** YOUR ASSIGNMENT **
Where the records below show the word "open" in a line, please copy that line.

################

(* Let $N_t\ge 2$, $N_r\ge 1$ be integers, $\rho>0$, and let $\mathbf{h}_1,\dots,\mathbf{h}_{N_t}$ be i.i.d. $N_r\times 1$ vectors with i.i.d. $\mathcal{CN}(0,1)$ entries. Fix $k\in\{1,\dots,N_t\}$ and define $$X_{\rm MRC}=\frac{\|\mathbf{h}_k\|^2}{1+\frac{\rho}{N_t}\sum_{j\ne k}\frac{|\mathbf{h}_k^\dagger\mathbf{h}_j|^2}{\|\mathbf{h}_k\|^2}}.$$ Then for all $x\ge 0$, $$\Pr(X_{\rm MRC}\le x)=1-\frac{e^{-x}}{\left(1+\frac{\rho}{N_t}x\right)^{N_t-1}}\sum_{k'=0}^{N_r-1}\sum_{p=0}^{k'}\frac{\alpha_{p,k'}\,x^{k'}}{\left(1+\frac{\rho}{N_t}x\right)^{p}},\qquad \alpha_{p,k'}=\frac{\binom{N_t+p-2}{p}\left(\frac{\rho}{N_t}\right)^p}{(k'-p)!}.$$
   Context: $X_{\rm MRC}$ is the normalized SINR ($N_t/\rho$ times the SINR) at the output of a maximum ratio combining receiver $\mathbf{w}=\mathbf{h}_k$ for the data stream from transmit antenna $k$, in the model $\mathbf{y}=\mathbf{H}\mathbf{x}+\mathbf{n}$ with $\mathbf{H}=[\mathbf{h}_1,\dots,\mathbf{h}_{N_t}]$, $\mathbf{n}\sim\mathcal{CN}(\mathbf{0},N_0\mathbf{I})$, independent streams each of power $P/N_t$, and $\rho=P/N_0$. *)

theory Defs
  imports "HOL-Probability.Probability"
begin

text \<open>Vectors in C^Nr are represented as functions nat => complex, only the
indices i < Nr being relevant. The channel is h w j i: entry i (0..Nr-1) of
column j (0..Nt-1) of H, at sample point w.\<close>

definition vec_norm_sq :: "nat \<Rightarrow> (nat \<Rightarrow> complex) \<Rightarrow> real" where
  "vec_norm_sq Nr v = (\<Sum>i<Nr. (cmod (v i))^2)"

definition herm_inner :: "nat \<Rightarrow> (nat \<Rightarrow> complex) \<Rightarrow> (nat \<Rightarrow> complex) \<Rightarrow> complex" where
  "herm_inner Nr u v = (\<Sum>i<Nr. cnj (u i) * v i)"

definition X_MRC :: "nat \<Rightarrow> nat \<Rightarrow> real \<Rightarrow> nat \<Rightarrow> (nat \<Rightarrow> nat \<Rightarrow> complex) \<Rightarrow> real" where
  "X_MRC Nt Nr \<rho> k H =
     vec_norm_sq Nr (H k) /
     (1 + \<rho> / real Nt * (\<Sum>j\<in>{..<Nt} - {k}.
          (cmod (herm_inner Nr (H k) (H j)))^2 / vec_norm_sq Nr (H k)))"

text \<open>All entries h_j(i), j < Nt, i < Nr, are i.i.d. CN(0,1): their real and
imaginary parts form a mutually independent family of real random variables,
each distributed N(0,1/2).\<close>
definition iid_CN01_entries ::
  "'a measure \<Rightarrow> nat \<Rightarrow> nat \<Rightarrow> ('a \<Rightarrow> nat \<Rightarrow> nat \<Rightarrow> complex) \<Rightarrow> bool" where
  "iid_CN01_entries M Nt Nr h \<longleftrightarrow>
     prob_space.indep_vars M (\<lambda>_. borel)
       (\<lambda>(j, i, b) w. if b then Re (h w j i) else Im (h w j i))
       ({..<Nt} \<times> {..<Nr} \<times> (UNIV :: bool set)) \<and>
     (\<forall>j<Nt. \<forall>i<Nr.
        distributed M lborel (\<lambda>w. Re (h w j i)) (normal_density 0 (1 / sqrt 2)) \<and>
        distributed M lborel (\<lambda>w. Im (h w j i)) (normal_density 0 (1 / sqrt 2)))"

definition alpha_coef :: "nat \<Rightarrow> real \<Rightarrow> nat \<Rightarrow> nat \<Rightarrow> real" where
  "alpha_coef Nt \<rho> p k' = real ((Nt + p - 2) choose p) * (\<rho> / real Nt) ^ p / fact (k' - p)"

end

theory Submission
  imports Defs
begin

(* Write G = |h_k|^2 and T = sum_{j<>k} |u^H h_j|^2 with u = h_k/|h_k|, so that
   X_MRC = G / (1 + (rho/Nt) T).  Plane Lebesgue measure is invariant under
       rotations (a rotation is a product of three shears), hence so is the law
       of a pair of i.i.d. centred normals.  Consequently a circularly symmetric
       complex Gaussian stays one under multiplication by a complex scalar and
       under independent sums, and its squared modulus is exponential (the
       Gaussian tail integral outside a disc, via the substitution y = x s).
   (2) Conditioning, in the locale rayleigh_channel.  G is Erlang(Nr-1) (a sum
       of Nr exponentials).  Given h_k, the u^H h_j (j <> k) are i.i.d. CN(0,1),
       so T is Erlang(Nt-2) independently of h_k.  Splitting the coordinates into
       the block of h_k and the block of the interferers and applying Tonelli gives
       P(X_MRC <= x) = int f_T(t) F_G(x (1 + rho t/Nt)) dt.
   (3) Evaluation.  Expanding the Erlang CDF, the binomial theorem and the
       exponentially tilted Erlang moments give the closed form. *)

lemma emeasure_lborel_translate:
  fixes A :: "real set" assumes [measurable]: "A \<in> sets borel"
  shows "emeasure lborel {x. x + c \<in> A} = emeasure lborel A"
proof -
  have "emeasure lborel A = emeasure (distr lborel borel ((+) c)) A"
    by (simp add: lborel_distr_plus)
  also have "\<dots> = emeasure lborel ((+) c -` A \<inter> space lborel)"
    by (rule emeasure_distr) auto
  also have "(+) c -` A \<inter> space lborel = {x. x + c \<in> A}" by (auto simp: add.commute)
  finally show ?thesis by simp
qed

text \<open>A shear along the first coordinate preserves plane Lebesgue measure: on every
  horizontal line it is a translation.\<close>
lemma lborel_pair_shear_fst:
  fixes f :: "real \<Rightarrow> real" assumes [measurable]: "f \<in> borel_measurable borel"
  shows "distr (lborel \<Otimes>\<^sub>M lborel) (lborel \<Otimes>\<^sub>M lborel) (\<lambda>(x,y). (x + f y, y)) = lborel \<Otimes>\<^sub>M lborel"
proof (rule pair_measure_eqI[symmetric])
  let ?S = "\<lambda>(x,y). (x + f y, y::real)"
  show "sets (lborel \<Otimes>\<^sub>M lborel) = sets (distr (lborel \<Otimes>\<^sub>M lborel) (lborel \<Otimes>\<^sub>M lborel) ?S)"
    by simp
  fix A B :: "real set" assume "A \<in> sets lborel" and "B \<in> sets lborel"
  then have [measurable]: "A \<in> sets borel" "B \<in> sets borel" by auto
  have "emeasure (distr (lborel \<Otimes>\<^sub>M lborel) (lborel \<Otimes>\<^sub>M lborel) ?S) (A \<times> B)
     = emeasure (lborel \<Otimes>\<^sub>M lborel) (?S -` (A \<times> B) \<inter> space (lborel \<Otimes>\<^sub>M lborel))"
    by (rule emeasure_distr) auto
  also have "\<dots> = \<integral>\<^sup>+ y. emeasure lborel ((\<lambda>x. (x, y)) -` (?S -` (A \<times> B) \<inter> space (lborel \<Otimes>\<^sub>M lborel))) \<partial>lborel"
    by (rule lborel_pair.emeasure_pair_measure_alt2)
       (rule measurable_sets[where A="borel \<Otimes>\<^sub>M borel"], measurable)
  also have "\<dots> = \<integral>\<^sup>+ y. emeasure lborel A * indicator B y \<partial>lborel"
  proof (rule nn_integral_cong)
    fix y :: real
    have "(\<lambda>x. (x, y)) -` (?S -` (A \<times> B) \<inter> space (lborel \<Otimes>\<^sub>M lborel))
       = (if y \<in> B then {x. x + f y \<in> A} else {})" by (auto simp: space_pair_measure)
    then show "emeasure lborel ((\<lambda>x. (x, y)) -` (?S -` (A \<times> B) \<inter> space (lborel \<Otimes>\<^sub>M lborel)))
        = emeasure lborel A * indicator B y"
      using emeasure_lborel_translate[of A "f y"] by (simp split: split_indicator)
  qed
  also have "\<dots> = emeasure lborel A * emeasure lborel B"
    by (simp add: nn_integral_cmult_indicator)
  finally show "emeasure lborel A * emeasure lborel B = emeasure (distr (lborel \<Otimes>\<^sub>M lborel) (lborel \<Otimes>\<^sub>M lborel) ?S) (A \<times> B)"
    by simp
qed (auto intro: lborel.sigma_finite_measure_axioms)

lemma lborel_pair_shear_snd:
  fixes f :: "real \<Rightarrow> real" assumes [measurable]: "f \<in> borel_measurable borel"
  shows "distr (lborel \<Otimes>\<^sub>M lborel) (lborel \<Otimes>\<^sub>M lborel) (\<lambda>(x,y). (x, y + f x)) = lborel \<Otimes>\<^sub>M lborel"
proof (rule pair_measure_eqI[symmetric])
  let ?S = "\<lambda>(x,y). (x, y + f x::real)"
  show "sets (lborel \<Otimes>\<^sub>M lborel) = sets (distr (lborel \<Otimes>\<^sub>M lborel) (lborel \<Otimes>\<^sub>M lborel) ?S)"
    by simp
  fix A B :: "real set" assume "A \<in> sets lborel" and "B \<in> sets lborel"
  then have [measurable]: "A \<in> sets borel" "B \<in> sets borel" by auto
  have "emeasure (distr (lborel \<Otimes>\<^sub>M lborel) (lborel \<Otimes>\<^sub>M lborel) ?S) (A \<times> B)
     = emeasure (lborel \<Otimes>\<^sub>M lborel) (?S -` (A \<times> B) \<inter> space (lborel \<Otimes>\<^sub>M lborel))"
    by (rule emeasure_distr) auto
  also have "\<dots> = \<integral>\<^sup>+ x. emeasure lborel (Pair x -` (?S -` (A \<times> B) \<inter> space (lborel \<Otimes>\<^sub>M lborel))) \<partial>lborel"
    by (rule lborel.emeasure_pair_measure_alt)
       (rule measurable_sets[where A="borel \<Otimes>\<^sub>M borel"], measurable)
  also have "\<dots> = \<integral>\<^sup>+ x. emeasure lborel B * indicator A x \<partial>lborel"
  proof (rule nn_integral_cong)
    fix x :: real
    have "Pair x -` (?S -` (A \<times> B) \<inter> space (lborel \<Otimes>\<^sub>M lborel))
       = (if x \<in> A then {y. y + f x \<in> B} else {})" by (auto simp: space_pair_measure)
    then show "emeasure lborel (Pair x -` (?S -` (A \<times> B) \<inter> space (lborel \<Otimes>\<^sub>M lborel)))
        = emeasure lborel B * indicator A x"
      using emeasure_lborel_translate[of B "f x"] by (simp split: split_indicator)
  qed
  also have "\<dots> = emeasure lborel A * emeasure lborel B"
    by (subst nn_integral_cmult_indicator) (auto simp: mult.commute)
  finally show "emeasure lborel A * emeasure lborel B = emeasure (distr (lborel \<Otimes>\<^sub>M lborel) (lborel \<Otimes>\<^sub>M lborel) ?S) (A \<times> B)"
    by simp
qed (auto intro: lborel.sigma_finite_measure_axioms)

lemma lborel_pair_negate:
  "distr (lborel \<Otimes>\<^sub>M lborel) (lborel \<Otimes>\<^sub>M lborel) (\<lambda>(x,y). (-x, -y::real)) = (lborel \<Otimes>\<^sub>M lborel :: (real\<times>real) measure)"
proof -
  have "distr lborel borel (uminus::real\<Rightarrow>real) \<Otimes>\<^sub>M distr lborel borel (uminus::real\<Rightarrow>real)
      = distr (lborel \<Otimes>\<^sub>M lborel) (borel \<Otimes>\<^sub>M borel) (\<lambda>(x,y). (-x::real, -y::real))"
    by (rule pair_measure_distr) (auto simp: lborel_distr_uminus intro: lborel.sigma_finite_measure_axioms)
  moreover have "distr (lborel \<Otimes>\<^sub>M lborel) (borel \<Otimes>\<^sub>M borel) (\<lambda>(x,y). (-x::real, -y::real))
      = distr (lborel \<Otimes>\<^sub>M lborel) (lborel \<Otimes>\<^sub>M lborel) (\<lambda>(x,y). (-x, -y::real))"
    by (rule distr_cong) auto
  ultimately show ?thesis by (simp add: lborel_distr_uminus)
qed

################

** EXPECTED ANSWER **
text \<open>Vectors in C^Nr are represented as functions nat => complex, only the
text \<open>All entries h_j(i), j < Nt, i < Nr, are i.i.d. CN(0,1): their real and
text \<open>A shear along the first coordinate preserves plane Lebesgue measure: on every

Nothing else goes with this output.